Editorial commentary @Ifediora_john

February 25, 2023 marks a fork in the road for Nigeria and its inhabitants of unknown number…the boarders are too porous for an informed estimation or reasoned statistical extrapolation. But by all accounts, it is a large number, and collectively operates the largest market for consumer goods in Africa and exports a significant fraction of fossil fuels that drive the global economy. These alone give Nigeria a global presence, hence what it does matters. But the country’s history of unrealized potential and a battered global image of its citizens have not been salutary to economic development and have progressively gotten worse as the country swaps one rotten leadership for another. A list of the ills that have defined the lived experiences of Nigerians beginning in the early 1980s is a matter of record and need not be recounted here, but one thing stands out in the current effort to decide who would lead Nigerians in the next four years … this plebiscite will  be largely defined by the young who are now compelled and energized to re-define their future prospects, their global image, and that of Nigeria.

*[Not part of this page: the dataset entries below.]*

lemma homog_tendsto_bounded_dist:
  assumes "\<And>h. reduced h \<Longrightarrow> \<bar>F h - F' h\<bar> \<le> C"
    and "(\<lambda>n. F' (fpow g n) / real n) \<longlonglongrightarrow> L"
  shows "(\<lambda>n. F (fpow g n) / real n) \<longlonglongrightarrow> L"
proof -
  have "norm ((F (fpow g n) - F' (fpow g n)) / real n) \<le> C / real n" for n
    using assms(1)[OF reduced_fpow] by (simp add: abs_divide divide_right_mono)
  then have "(\<lambda>n. (F (fpow g n) - F' (fpow g n)) / real n) \<longlonglongrightarrow> 0"
    by (intro tendsto_0_le[OF lim_const_over_n[of "1 :: real"], where K = C] always_eventually allI) simp
  from tendsto_add[OF assms(2) this] show ?thesis
    by (simp add: diff_divide_distrib)
qed

context bounded_factors
begin

lemma abs_sterm_le: "\<bar>sterm fA fB (Suc j) h\<bar> \<le> M * Cweight h j"
proof -
  have "\<bar>sterm fA fB (Suc j) h\<bar> \<le> \<bar>fA (int (Suc j))\<bar> * \<bar>Cak (Suc j) h\<bar> + \<bar>fB (int (Suc j))\<bar> * \<bar>Cbk (Suc j) h\<bar>"
    unfolding sterm_def abs_mult[symmetric] by (rule abs_triangle_ineq)
  also have "\<dots> \<le> M * \<bar>Cak (Suc j) h\<bar> + M * \<bar>Cbk (Suc j) h\<bar>"
    by (intro add_mono mult_right_mono bound_A bound_B) auto
  finally show ?thesis
    by (simp add: Cweight_def distrib_left)
qed

lemma sterm_fpow_tail_le:
  "(\<Sum>j\<in>{K..<N}. \<bar>sterm fA fB (Suc j) (fpow g n) / real n\<bar>) \<le> M * real (length g) / real (Suc K)"
proof (cases "n = 0")
  case False
  have "(\<Sum>j\<in>{K..<N}. \<bar>sterm fA fB (Suc j) (fpow g n) / real n\<bar>)
      \<le> M * (\<Sum>j\<in>{K..<N}. Cweight (fpow g n) j) / real n"
    unfolding sum_distrib_left sum_divide_distrib by (intro sum_mono) (simp add: abs_sterm_le divide_right_mono)
  also have "\<dots> \<le> M * (real (length (fpow g n)) / real (Suc K)) / real n"
    by (intro divide_right_mono mult_left_mono Cweight_tail_le reduced_fpow bound_nonneg) auto
  also have "\<dots> \<le> M * (real (n * length g) / real (Suc K)) / real n"
    using length_fpow[of g n] bound_nonneg
    by (intro divide_right_mono mult_left_mono) (simp_all flip: of_nat_mult)
  also have "\<dots> = M * real (length g) / real (Suc K)"
    using False by simp
  finally show ?thesis .
qed (simp add: bound_nonneg)

lemma sterm_homog_tendsto:
  assumes "reduced g"
  shows "(\<lambda>n. sterm fA fB (Suc j) (fpow g n) / real n) \<longlonglongrightarrow> hterm fA fB (Suc j) g"
proof -
  have "(\<lambda>n. fA (int (Suc j)) * (Cak (Suc j) (fpow g n) / real n)
          + fB (int (Suc j)) * (Cbk (Suc j) (fpow g n) / real n)) \<longlonglongrightarrow> hterm fA fB (Suc j) g"
    unfolding hterm_def homog_def
    using Cak_homog_convergent[OF assms] Cbk_homog_convergent[OF assms]
    by (intro tendsto_intros) (simp_all add: convergent_LIMSEQ_iff)
  then show ?thesis
    by (simp add: sterm_def add_divide_distrib)
qed

lemma homog_counting_series:
  assumes "reduced g"
  shows "summable (\<lambda>j. hterm fA fB (Suc j) g)"
    and "(\<lambda>n. counting_series fA fB (fpow g n) / real n) \<longlonglongrightarrow> (\<Sum>j. hterm fA fB (Suc j) g)"
proof -
  define u where "u n j = sterm fA fB (Suc j) (fpow g n) / real n" for n j
  have "summable (u n)" for n
    unfolding u_def by (intro summable_divide summable_sterm)
  moreover have "(\<lambda>n. u n j) \<longlonglongrightarrow> hterm fA fB (Suc j) g" for j
    unfolding u_def by (rule sterm_homog_tendsto[OF assms])
  moreover have "(\<Sum>j\<in>{K..<N}. \<bar>u n j\<bar>) \<le> M * real (length g) / real (Suc K)" for n K N
    unfolding u_def by (rule sterm_fpow_tail_le)
  ultimately have "summable (\<lambda>j. hterm fA fB (Suc j) g)"
    and exchange: "(\<lambda>n. suminf (u n)) \<longlonglongrightarrow> (\<Sum>j. hterm fA fB (Suc j) g)"
    by (rule tendsto_suminf_uniform_tail)+
  then show "summable (\<lambda>j. hterm fA fB (Suc j) g)"
    by blast
  have "suminf (u n) = counting_series fA fB (fpow g n) / real n" for n
    unfolding u_def counting_series_def by (rule suminf_divide[OF summable_sterm])
  then show "(\<lambda>n. counting_series fA fB (fpow g n) / real n) \<longlonglongrightarrow> (\<Sum>j. hterm fA fB (Suc j) g)"
    using exchange by simp
qed

end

Nigeria’s young are more populous than the old and aged, they consume more education than the preceding generation, they possess more technical skill sets and are by far better integrated into the global space than all their predecessors combined. That they have risen to demand a severance of the umbilical cord that links them to their unpleasant and shameful past is a most meaningful course-correction imperative to date that is at once aesthetically pleasing and yet  prepotent. In the midst of powerful voices advocating the status quo of patronage politics, the vast majority of young voters identify with the message and a break from the past advanced by Mr. Peter Obi, the presidential candidate of the Labor Party. That he is young, speaks their language of clean government, frugal by temperament, and boasts a record of administrative sagacity endear him to the young and the old alike eager for a change. It would be a shame to disappoint them.

The decision to deliver a new nation is now squarely in the hands of Nigeria’s young; the old and the aged cannot be relied upon entirely to break from the past and may indeed be obliged to stay the course by habitual instincts informed by pecuniary gratification. Patronage politics is well and alive in Nigeria, and may very well deliver the country, once again, to the county’s political gangsters. This too, will be shameful.